EX-5.1 2 ex5_1.htm EXHIBIT 5.1
Exhibit 5.1


 
Campbell Mithun Tower
222 South Ninth Street, Suite 2000
Minneapolis, MN 55402-3338
Tel 612.607.7000  Fax 612.607.7100
www.foxrothschild.com

May 9, 2019

Century Communities, Inc.
8930 East Crescent Parkway, Suite 650
Greenwood Village, Colorado 80111

Re:
Century Communities, Inc.
Registration Statement on Form S‑8

Ladies and Gentlemen:

We refer to the Registration Statement on Form S-8 (the “Registration Statement”) under the Securities Act of 1933, as amended (the “Securities Act”), filed on this date by Century Communities, Inc., a Delaware corporation (the “Company”), with the Securities and Exchange Commission (the “Commission”), to which this opinion letter is attached as an exhibit, for the registration of 1,631,000 shares (collectively, the “Shares”) of the Company’s common stock, $0.01 par value per share, issuable under the Century Communities, Inc. Amended and Restated 2017 Omnibus Incentive Plan (the “Plan”).

We have examined the original or a photostatic or certified copy of such documents, records, and other information as we deemed relevant and necessary as the basis for the opinion set forth below.  In such examination, we have assumed the authenticity of each document submitted to us as an original, the conformity to the original document of each document submitted to us as a certified copy or photostatic copy, and the authenticity of the original of each such latter document.

On the basis of our examination mentioned above, subject to the assumptions stated and relying on statements of fact contained in the documents that we have examined, we are of the opinion that the Shares registered pursuant to the Registration Statement have been duly and validly authorized and reserved for issuance and that upon the issuance of the Shares and payment therefore in accordance with the provisions of the Plan, the Shares will be validly issued, fully paid and non-assessable.
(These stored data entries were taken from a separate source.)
lemma rank1_obstruction_vanishes:
  assumes "lie_algebra br" "solvable_lie br" "\<phi> \<in> rep_var br" "\<not> rank_le1 \<phi>"
  shows "rank1_obstruction br \<phi> = 0"
proof -
  obtain k l where "l \<in> ad_eigenvalues br k" "l^2 = 2 * trace (\<phi> k ** \<phi> k)"
    using rep_not_rank_le1_ad_eigenvalue[OF assms] by blast
  then have "(\<Prod>\<mu>\<in>ad_eigenvalues br k. 2 * trace (\<phi> k ** \<phi> k) - \<mu>^2) = 0"
    by (intro prod_zero[OF finite_ad_eigenvalues[OF assms(1)]] bexI[of _ l]) simp_all
  then show ?thesis
    unfolding rank1_obstruction_def by (intro prod_zero[OF finite]) blast
qed

theorem lemma4p3:
  fixes br :: "complex^'n \<Rightarrow> complex^'n \<Rightarrow> complex^'n"
  assumes "lie_algebra br" and "solvable_lie br"
  shows "(\<exists>W. zariski_closed W \<and> (\<lambda>_. 0) \<notin> W \<and> rep_var br \<subseteq> rep1_var br \<union> W)
       \<and> (\<exists>U. open U \<and> (\<lambda>_::'n. 0::complex^2^2) \<in> U \<and> rep_var br \<inter> U = rep1_var br \<inter> U)"
proof -
  define W where "W = {\<phi> \<in> hom_space. \<forall>p\<in>{rank1_obstruction br}. p \<phi> = 0}"
  have zariski: "zariski_closed W"
    unfolding zariski_closed_def W_def using rank1_obstruction_poly_fun[OF assms(1)] by blast
  have zero: "(\<lambda>_. 0) \<notin> W"
    using rank1_obstruction_zero[OF assms(1)] by (simp add: W_def)
  have cover: "rep_var br \<subseteq> rep1_var br \<union> W"
    using rank1_obstruction_vanishes[OF assms] by (auto simp: W_def rep1_var_def rep_var_def)
  show ?thesis
  proof (intro conjI exI)
    show "open (- W)" using zariski_closed_imp_closed[OF zariski] by (simp add: open_Compl)
    show "rep_var br \<inter> - W = rep1_var br \<inter> - W" using cover by (auto simp: rep1_var_def)
  qed (use zariski zero cover in auto)
qed

end
lemma Ksym_parity_eqI:
  assumes m: "0 < m" and i: "i < m" and q: "q \<in> cube m"
    and K1: "K1 \<in> Ksym_parity m (q ! 0)" and K2: "K2 \<in> Ksym_parity m (q ! 0)"
    and agree: "\<And>j x. j < m \<Longrightarrow> j \<noteq> i \<Longrightarrow> x \<in> Xset m j (q ! j) \<Longrightarrow> K1 x = K2 x"
  shows "K1 = K2"
proof (rule Ksym_eqI[OF m])
  show "K1 \<in> Ksym m" "K2 \<in> Ksym m"
    using K1 K2 by (simp_all add: Ksym_parity_def)
  fix x assume x: "x \<in> Xset m 0 (q ! 0)"
  show "K1 x = K2 x"
  proof (cases "i = 0")
    case False
    then show ?thesis using agree[OF m _ x] by simp
  next
    case True
    let ?S = "Xset m 0 (q ! 0) \<inter> seen_by_others m q" and ?u = "unseen_point q (q ! 0)"
    have seen: "K1 y = K2 y" if y: "y \<in> seen_by_others m q" for y
    proof -
      obtain j where "j \<in> {1..<m}" "y \<in> Xset m j (q ! j)"
        using y by (auto simp: seen_by_others_def)
      then show ?thesis
        using agree[of j y] True by simp
    qed
    have "prod K1 ?S = prod K2 ?S"
      using seen by (intro prod.cong) auto
    moreover have "prod K1 ?S \<in> {1, -1}"
      using K1 by (intro prod_pm1_closed) (auto simp: Ksym_parity_def Ksym_iff Xset_def dest: PiE_mem)
    moreover have "K1 ?u * prod K1 ?S = K2 ?u * prod K2 ?S"
      using K1 K2 prod_Xset_first_split[OF m q, of K1] prod_Xset_first_split[OF m q, of K2]
      by (simp add: Ksym_parity_def)
    ultimately have "K1 ?u = K2 ?u"
      by auto
    moreover have "x = ?u \<or> x \<in> seen_by_others m q"
      using x Xset_first_eq_insert_unseen_point[OF m q, of "q ! 0"] by blast
    ultimately show ?thesis
      using seen by blast
  qed
qed
(* Let $X,Y$ be $\mathfrak{Q}$-preordered $\mathfrak{Q}$-subsets and $f\colon X\to Y$, $g\colon Y\to X$ $\mathfrak{Q}$-order-preserving maps. The following are equivalent: (i) $f\dashv g$ is a $\mathfrak{Q}$-Galois connection; (ii) $(f_{\natural})_{\uparrow}\colon\mathsf{P}X\to\mathsf{P}^{\dagger}Y$ and $(g^{\natural})^{\downarrow}\colon\mathsf{P}^{\dagger}Y\to\mathsf{P}X$ satisfy $(f_{\natural})_{\uparrow}\dashv(g^{\natural})^{\downarrow}$ (a $\mathfrak{Q}$-polarity from $X$ to $Y$); (iii) $(f_{\natural})^{*}\colon\mathsf{P}Y\to\mathsf{P}X$ and $(g^{\natural})_{*}\colon\mathsf{P}X\to\mathsf{P}Y$ satisfy $(f_{\natural})^{*}\dashv(g^{\natural})_{*}$ (a $\mathfrak{Q}$-axiality from $Y$ to $X$); (iv) $(f_{\natural})_{\dagger}\colon\mathsf{P}^{\dagger}Y\to\mathsf{P}^{\dagger}X$ and $(g^{\natural})^{\dagger}\colon\mathsf{P}^{\dagger}X\to\mathsf{P}^{\dagger}Y$ satisfy $(f_{\natural})_{\dagger}\dashv(g^{\natural})^{\dagger}$ (a dual $\mathfrak{Q}$-axiality from $Y$ to $X$).
   Context: $(\mathfrak{Q},\&,e)$ is a non-trivial unital quantale (complete lattice with associative multiplication with unit $e$ preserving joins in each variable, $\bot<e$), implications $p\& q\le r\iff p\le r/ q\iff q\le p\backslash r$, $\mathcal{D}\mathfrak{Q}(p,q)=\{u\mid (u/ p)\& p=u=q\&(q\backslash u)\}$. A $\mathfrak{Q}$-subset is a set $X$ with $|\cdot|\colon X\to\mathfrak{Q}$; $\mathbf{1}_q$ is $\{*\}$ with $|*|=q$. A $\mathfrak{Q}$-relation from $X$ to $Y$ is a map $\phi\colon X\times Y\to\mathfrak{Q}$ with $\phi(x,y)\in\mathcal{D}\mathfrak{Q}(|x|,|y|)$, ordered pointwise; composition $(\psi\circ\phi)(x,z)=\bigvee_y(\psi(y,z)/|y|)\&\phi(x,y)$; $\xi\swarrow\phi$ is the largest $\psi'$ with $\psi'\circ\phi\le\xi$ and $\psi\searrow\xi$ the largest $\phi'$ with $\psi\circ\phi'\le\xi$. A $\mathfrak{Q}$-preordered $\mathfrak{Q}$-subset is a $\mathfrak{Q}$-subset $X$ with a $\mathfrak{Q}$-relation $1_X^{\natural}$ on $X$ with $\mathrm{id}_X\le 1_X^{\natural}$ ($\mathrm{id}_X(x,x)=|x|$, else $\bot$) and $1_X^{\natural}\circ 1_X^{\natural}\le 1_X^{\natural}$. A $\mathfrak{Q}$-order-preserving map $f\colon X\to Y$ satisfies $|fx|=|x|$ and $1_X^{\natural}(x,x')\le 1_Y^{\natural}(fx,fx')$; for such maps $h,k\colon A\to B$, $h\le k$ means $|a|\le 1_B^{\natural}(ha,ka)$ for all $a$; a $\mathfrak{Q}$-Galois connection $h\dashv k$ ($h\colon A\to B$, $k\colon B\to A$) means $1_A\le kh$ and $hk\le 1_B$. Graph and cograph: $f_{\natural}(x,y)=1_Y^{\natural}(fx,y)$ (from $X$ to $Y$), $f^{\natural}(y,x)=1_Y^{\natural}(y,fx)$ (from $Y$ to $X$); thus $g^{\natural}(x,y)=1_X^{\natural}(x,gy)$ is a relation from $X$ to $Y$. $\mathsf{P}X$ consists of $\mathfrak{Q}$-relations $\mu$ from $X$ to some $\mathbf{1}_q$ with $\mu\circ 1_X^{\natural}\le\mu$, with $|\mu|=q$ and $\mathfrak{Q}$-preorder $1_{\mathsf{P}X}^{\natural}(\mu,\mu')=\mu'\swarrow\mu$; $\mathsf{P}^{\dagger}X$ consists of $\mathfrak{Q}$-relations $\lambda$ from some $\mathbf{1}_q$ to $X$ with $1_X^{\natural}\circ\lambda\le\lambda$, with $|\lambda|=q$ and $1_{\mathsf{P}^{\dagger}X}^{\natural}(\lambda,\lambda')=\lambda'\searrow\lambda$. For a $\mathfrak{Q}$-relation $\phi$ from $X$ to $Y$ with $1_Y^{\natural}\circ\phi\circ1_X^{\natural}\le\phi$ (a $\mathfrak{Q}$-distributor, e.g. $f_{\natural}$, $g^{\natural}$): $\phi_{\uparrow}\mu=\phi\swarrow\mu$ ($\mathsf{P}X\to\mathsf{P}^{\dagger}Y$), $\phi^{\downarrow}\lambda'=\lambda'\searrow\phi$ ($\mathsf{P}^{\dagger}Y\to\mathsf{P}X$), $\phi^{*}\mu'=\mu'\circ\phi$ ($\mathsf{P}Y\to\mathsf{P}X$), $\phi_{*}\mu=\mu\swarrow\phi$ ($\mathsf{P}X\to\mathsf{P}Y$), $\phi_{\dagger}\lambda'=\phi\searrow\lambda'$ ($\mathsf{P}^{\dagger}Y\to\mathsf{P}^{\dagger}X$), $\phi^{\dagger}\lambda=\phi\circ\lambda$ ($\mathsf{P}^{\dagger}X\to\mathsf{P}^{\dagger}Y$); these are $\mathfrak{Q}$-order-preserving maps. *)

theory Defs
  imports Main
begin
The opinion set forth above is rendered as of the date of this letter.  We assume no obligation to update or supplement this opinion to reflect any changes of law or fact that may occur subsequent to the date hereof.

Our opinion expressed herein is limited to the laws of the State of Delaware.

We consent to the filing of this opinion letter as an exhibit to the Registration Statement and to the reference to this firm in the Registration Statement. In giving this consent, we do not hereby admit that we are in the category of persons whose consent is required under Section 7 of the Securities Act or the rules and regulations of the Commission thereunder.